TASK TO CARRY OUT ▸ Below are entries. Copy exactly the lines running from the line that holds "w\<bar>) 1 0" to the line that holds "case (Suc j)", with both ends included.

SUPPLIED RECORDS ▸
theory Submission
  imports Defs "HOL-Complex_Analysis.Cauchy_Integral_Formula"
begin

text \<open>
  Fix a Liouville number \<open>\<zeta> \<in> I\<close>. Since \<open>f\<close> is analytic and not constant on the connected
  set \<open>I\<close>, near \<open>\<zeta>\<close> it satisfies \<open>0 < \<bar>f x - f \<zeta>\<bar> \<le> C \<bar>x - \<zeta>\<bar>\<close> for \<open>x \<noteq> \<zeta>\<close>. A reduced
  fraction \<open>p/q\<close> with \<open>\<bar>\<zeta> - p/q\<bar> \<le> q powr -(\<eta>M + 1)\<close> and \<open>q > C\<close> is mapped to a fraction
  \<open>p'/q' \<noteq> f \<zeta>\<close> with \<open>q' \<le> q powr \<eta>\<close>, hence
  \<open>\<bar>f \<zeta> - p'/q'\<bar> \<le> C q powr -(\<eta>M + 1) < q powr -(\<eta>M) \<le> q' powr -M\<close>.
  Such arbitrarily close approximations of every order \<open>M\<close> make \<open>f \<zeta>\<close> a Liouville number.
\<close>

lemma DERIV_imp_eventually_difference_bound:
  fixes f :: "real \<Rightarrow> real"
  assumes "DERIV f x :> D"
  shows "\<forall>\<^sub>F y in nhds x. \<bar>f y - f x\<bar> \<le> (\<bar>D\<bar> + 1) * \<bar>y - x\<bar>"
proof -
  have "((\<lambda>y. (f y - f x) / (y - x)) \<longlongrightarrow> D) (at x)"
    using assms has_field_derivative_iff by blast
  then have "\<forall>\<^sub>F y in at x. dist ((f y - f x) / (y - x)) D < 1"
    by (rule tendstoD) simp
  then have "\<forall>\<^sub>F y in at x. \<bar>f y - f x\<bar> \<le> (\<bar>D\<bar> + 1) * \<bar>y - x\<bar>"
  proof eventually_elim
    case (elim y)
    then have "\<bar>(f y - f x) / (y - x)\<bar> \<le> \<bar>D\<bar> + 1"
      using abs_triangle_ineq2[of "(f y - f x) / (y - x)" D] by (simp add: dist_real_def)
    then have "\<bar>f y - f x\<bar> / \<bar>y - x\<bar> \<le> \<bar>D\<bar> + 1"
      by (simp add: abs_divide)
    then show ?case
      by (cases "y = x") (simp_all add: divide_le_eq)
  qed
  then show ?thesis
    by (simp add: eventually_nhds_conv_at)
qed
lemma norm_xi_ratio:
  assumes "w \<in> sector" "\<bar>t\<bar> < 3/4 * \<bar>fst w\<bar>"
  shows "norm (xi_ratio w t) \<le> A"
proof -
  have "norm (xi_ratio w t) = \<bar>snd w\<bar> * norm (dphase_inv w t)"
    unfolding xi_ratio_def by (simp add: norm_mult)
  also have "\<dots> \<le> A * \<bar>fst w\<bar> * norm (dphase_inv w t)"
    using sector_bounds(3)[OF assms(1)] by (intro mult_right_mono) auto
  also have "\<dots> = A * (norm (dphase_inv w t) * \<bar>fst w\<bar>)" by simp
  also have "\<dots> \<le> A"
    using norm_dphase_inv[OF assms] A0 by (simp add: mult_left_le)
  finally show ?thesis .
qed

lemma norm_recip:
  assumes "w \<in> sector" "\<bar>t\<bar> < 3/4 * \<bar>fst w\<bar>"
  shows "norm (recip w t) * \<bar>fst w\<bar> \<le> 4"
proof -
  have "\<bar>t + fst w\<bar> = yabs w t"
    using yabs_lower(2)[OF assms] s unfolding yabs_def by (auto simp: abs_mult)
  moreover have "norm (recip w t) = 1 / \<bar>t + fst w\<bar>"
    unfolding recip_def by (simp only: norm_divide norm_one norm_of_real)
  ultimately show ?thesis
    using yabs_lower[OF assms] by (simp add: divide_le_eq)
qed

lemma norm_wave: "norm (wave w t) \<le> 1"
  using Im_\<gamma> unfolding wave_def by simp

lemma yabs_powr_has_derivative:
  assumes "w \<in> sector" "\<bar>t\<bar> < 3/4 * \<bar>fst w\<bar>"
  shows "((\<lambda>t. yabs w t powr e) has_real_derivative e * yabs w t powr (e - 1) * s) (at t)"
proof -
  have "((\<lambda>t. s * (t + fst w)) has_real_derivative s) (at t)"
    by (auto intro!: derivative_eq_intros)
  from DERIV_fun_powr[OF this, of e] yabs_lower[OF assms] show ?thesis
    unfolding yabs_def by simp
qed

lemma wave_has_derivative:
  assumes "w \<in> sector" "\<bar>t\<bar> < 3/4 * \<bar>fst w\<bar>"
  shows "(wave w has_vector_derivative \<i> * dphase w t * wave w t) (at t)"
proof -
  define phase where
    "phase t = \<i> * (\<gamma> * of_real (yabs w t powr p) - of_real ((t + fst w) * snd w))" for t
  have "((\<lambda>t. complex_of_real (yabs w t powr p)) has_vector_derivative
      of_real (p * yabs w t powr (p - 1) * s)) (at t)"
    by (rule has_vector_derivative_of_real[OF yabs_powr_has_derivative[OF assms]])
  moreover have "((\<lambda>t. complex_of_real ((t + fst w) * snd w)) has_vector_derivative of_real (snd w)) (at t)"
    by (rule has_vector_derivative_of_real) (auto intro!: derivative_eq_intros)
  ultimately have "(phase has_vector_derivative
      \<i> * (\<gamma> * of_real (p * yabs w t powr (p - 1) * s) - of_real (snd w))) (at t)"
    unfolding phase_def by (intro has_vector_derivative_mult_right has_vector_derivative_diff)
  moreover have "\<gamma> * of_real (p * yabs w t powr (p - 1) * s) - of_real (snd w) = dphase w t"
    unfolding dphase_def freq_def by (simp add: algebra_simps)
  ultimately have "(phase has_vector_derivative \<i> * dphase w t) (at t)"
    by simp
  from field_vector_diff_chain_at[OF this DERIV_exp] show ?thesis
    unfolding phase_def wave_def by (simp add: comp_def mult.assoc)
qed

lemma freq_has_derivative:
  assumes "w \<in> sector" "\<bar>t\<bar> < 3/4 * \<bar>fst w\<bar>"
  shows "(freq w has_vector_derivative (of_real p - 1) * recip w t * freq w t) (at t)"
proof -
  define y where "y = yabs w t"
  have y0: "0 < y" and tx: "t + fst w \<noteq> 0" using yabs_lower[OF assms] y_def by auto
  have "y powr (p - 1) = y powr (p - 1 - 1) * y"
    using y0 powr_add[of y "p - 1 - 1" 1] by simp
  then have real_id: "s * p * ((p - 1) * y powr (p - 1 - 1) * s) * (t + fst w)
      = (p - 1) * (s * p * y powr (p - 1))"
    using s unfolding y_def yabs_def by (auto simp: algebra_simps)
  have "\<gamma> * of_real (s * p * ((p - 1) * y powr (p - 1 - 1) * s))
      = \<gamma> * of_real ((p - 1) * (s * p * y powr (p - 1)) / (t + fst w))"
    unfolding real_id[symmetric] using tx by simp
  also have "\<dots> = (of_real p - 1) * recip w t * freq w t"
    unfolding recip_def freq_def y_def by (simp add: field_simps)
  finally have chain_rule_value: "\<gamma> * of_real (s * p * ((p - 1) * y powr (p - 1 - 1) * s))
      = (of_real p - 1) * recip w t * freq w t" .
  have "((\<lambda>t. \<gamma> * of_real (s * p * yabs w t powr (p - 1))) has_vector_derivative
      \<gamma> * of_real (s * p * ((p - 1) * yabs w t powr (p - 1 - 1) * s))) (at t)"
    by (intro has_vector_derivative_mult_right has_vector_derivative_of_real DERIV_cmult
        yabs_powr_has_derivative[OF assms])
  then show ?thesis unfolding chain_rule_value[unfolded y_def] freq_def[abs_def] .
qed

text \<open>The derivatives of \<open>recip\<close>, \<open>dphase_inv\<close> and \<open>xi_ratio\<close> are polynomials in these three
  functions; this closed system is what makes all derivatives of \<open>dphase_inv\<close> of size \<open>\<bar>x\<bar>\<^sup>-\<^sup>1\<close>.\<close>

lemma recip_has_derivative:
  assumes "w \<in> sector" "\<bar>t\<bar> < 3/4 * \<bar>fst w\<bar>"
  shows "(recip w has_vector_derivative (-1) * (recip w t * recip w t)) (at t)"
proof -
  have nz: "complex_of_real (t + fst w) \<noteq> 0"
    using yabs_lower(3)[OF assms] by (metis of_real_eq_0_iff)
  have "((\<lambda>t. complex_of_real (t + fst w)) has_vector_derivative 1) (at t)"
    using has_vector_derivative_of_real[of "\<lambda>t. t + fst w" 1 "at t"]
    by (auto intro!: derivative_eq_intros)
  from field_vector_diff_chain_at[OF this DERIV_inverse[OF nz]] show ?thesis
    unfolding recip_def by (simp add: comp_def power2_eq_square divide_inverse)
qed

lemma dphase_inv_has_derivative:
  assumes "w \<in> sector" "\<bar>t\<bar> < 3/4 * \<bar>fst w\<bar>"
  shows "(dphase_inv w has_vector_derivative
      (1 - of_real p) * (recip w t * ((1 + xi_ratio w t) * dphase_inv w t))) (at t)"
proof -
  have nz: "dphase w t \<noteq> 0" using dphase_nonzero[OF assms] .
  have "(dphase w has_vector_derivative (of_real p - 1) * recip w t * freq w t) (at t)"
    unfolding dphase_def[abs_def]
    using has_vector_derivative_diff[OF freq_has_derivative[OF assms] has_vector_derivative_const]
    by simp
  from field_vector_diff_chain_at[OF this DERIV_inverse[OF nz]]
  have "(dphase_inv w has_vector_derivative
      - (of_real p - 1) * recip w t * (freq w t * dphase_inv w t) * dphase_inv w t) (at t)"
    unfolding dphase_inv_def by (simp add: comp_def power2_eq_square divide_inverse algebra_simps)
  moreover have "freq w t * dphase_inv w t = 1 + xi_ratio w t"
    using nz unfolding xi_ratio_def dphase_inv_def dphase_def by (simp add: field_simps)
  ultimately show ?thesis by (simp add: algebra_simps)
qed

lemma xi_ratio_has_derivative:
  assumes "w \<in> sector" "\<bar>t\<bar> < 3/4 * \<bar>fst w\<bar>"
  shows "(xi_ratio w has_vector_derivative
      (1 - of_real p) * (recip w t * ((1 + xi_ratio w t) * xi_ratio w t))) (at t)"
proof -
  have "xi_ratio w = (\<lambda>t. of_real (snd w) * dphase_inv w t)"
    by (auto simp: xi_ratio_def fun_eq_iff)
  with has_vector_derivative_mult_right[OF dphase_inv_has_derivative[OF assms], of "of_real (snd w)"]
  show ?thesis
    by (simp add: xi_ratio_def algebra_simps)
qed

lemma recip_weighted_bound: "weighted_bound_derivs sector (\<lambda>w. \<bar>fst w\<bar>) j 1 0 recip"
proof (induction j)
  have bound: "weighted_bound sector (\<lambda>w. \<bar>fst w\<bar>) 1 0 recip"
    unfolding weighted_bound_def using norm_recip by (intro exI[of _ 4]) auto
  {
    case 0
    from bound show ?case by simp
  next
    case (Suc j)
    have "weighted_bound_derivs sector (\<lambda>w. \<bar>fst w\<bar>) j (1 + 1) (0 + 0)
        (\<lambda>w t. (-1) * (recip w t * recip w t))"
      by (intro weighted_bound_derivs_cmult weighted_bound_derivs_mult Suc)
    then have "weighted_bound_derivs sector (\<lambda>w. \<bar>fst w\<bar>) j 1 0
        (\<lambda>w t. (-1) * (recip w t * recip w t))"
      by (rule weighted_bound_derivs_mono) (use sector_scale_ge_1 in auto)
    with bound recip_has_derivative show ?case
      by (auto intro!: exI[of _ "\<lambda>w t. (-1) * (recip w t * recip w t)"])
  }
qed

TASK RESULT ▸
  have bound: "weighted_bound sector (\<lambda>w. \<bar>fst w\<bar>) 1 0 recip"
    unfolding weighted_bound_def using norm_recip by (intro exI[of _ 4]) auto
  {
    case 0
    from bound show ?case by simp
  next
    case (Suc j)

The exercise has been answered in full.